Alderson Propps

Biographical details
- Born: October 17, 1912 Fayetteville, West Virginia, U.S.
- Died: August 10, 1993 (aged 80) Orange County, Florida, U.S.

Playing career

Football
- 1933–1936: Emory and Henry
- Position: End

Coaching career (HC unless noted)

Football
- 1937–?: Pulaski HS (VA)
- 1946: Morris Harvey

Head coaching record
- Overall: 0–2 (college)

= Alderson Propps =

American football player and coach (1912–1993)

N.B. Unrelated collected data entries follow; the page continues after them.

lemma path_coeff_descent_of_add2:
  assumes "path_coeff (k + 2) (Suc j) \<le> path_coeff (k + 2) j"
  shows "path_coeff k (Suc j) \<le> path_coeff k j"
proof (rule ccontr)
  assume "\<not> ?thesis"
  then have gt: "Suc j * (Suc k - j) < (Suc k - 2*j) * (k - 2*j)"
    by (simp add: path_coeff_Suc_le_iff)
  have "2*j < k"
    using gt by (cases "2*j < k") auto
  then obtain d where k: "k = 2*j + 1 + d"
    using less_imp_Suc_add by fastforce
  have gt': "(j + 1) * (j + 2 + d) < (d + 2) * (d + 1)"
    using gt unfolding k by (simp add: algebra_simps)
  have le': "(d + 4) * (d + 3) \<le> (j + 1) * (j + 4 + d)"
    using assms unfolding k path_coeff_Suc_le_iff by (simp add: algebra_simps)
  show False
  proof (cases "2*d + 4 \<le> j")
    case True
    have "(d + 2) * (d + 1) \<le> (2*d + 5) * (3*d + 6)"
      by (intro mult_le_mono) auto
    also have "\<dots> \<le> (j + 1) * (j + 2 + d)"
      using True by (intro mult_le_mono) auto
    finally show False
      using gt' by simp
  next
    case False
    have "(j + 1) * (j + 4 + d) = (j + 1) * (j + 2 + d) + 2*j + 2"
      and "(d + 4) * (d + 3) = (d + 2) * (d + 1) + 4*d + 10"
      by (simp_all add: algebra_simps)
    then show False
      using gt' le' False by linarith
  qed
qed
instantiation nc :: (type) ring_1
begin
definition "0 = Ser (\<lambda>_. 0)"
definition "1 = Ser sone"
definition "x + y = Ser (\<lambda>w. coeff x w + coeff y w)"
definition "x - y = Ser (\<lambda>w. coeff x w - coeff y w)"
definition "- x = Ser (\<lambda>w. - coeff x w)"
definition "x * y = Ser (smul (coeff x) (coeff y))"
instance
proof
  fix a b c :: "'a nc"
  show "a * b * c = a * (b * c)"
    by (rule nc_eqI) (simp add: times_nc_def smul_assoc)
  show "a + b + c = a + (b + c)" "a + b = b + a" "0 + a = a" "- a + a = 0" "a - b = a + - b"
    by (rule nc_eqI; simp add: plus_nc_def zero_nc_def uminus_nc_def minus_nc_def)+
  show "1 * a = a" "a * 1 = a"
    by (rule nc_eqI; simp add: times_nc_def one_nc_def smul_one_left smul_one_right)+
  show "(a + b) * c = a * c + b * c" "a * (b + c) = a * b + a * c"
    by (rule nc_eqI; simp add: times_nc_def plus_nc_def smul_add_left smul_add_right)+
  have "coeff (0::'a nc) [] \<noteq> coeff 1 []"
    by (simp add: zero_nc_def one_nc_def sone_def)
  then show "(0::'a nc) \<noteq> 1" by metis
qed
end

lemma coeff_zero [simp]: "coeff 0 w = 0" by (simp add: zero_nc_def)
lemma coeff_one: "coeff 1 w = (if w = [] then 1 else 0)" by (simp add: one_nc_def sone_def)
lemma coeff_add [simp]: "coeff (x + y) w = coeff x w + coeff y w" by (simp add: plus_nc_def)
lemma coeff_diff [simp]: "coeff (x - y) w = coeff x w - coeff y w" by (simp add: minus_nc_def)
lemma coeff_uminus [simp]: "coeff (- x) w = - coeff x w" by (simp add: uminus_nc_def)
lemma coeff_mult: "coeff (x * y) = smul (coeff x) (coeff y)" by (simp add: times_nc_def)
lemma Ser_mult: "Ser (smul f g) = Ser f * Ser g" by (simp add: times_nc_def)

lemma coeff_sum: "coeff (sum F A) w = (\<Sum>a\<in>A. coeff (F a) w)"
  by (induction A rule: infinite_finite_induct) auto

lemma coeff_of_int_mult: "coeff (of_int k * x :: 'l nc) w = k * coeff x w"
proof -
  have of_nat_case: "coeff (of_nat n * x :: 'l nc) w = int n * coeff x w" for n
    by (induction n) (simp_all add: algebra_simps)
  show ?thesis
  proof (cases k rule: int_cases)
    case (nonneg n)
    then show ?thesis using of_nat_case by simp
  next
    case (neg n)
    then have "(of_int k :: 'l nc) = - of_nat (Suc n)" by simp
    then have "(of_int k * x :: 'l nc) = - (of_nat (Suc n) * x)" by (metis mult_minus_left)
    then show ?thesis using of_nat_case[of "Suc n"] neg by (simp del: of_nat_Suc)
  qed
qed

section \<open>Letters and homogeneous series\<close>

definition Ltr :: "'l \<Rightarrow> 'l nc" where "Ltr l = Ser (sletter l)"

lemma coeff_Ltr_mult:
  "coeff (Ltr l * f) w = (case w of [] \<Rightarrow> 0 | x # v \<Rightarrow> if x = l then coeff f v else 0)"
proof (cases w)
  case Nil
  then show ?thesis by (simp add: coeff_mult Ltr_def sletter_def)
next
  case (Cons x v)
  have first_letter: "(\<lambda>u. sletter l (x # u)) = (if x = l then sone else (\<lambda>_. 0))"
    by (auto simp: sletter_def sone_def)
  have "coeff (Ltr l * f) w = sletter l [] * coeff f (x # v) + smul (\<lambda>u. sletter l (x # u)) (coeff f) v"
    using Cons by (simp add: coeff_mult Ltr_def smul_Cons)
  also have "\<dots> = (if x = l then coeff f v else 0)"
    by (simp add: first_letter smul_one_left) (simp add: sletter_def smul_def)
  finally show ?thesis using Cons by simp
qed

lemma coeff_mult_Ltr:
  "coeff (f * Ltr l) w = (if w \<noteq> [] \<and> last w = l then coeff f (butlast w) else 0)"
proof -
  have "smul g (sletter l) w = (if w \<noteq> [] \<and> last w = l then g (butlast w) else 0)" for g
    by (induction w arbitrary: g) (auto simp: smul_Cons sletter_def)
  then show ?thesis by (simp add: coeff_mult Ltr_def)
qed

lemma word_cases_by_ends: "w = [] \<or> (\<exists>x. w = [x]) \<or> (\<exists>x v y. w = x # v @ [y])"
  by (metis append_butlast_last_id list.exhaust)

lemma coeff_sandwich_short: "length w < 2 \<Longrightarrow> coeff (Ltr a * f * Ltr b) w = 0"
  using word_cases_by_ends[of w] by (auto simp: coeff_mult_Ltr coeff_Ltr_mult)

lemma coeff_sandwich:
  "coeff (Ltr a * f * Ltr b) (x # v @ [y]) = (if x = a \<and> y = b then coeff f v else 0)"
  by (simp add: coeff_mult_Ltr coeff_Ltr_mult butlast_append)

definition homog :: "'l nc \<Rightarrow> nat \<Rightarrow> bool" where
  "homog x k \<longleftrightarrow> (\<forall>v. coeff x v \<noteq> 0 \<longrightarrow> length v = k)"

lemma homog_zero: "homog 0 k" by (simp add: homog_def)
lemma homog_one: "homog 1 0" by (simp add: homog_def coeff_one)
lemma homog_Ltr: "homog (Ltr l) 1" by (simp add: homog_def Ltr_def sletter_def)
lemma homog_add: "homog x k \<Longrightarrow> homog y k \<Longrightarrow> homog (x + y) k"
  unfolding homog_def by (metis add.right_neutral coeff_add)
lemma homog_diff: "homog x k \<Longrightarrow> homog y k \<Longrightarrow> homog (x - y) k"
  unfolding homog_def by (metis coeff_diff diff_zero)
lemma homog_sum: "(\<And>a. a \<in> A \<Longrightarrow> homog (F a) k) \<Longrightarrow> homog (sum F A) k"
  by (induction A rule: infinite_finite_induct) (auto simp: homog_zero homog_add)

Alderson "Stretch" Propps (October 17, 1912 – August 10, 1993) was an American football player and coach. Propps was the athletic director and head football coach at the Morris Harvey College—now known as University of Charleston—in Charleston, West Virginia in 1946. He resigned after the first two games of the football season and was succeeded as head football coach his assistant Eddie King.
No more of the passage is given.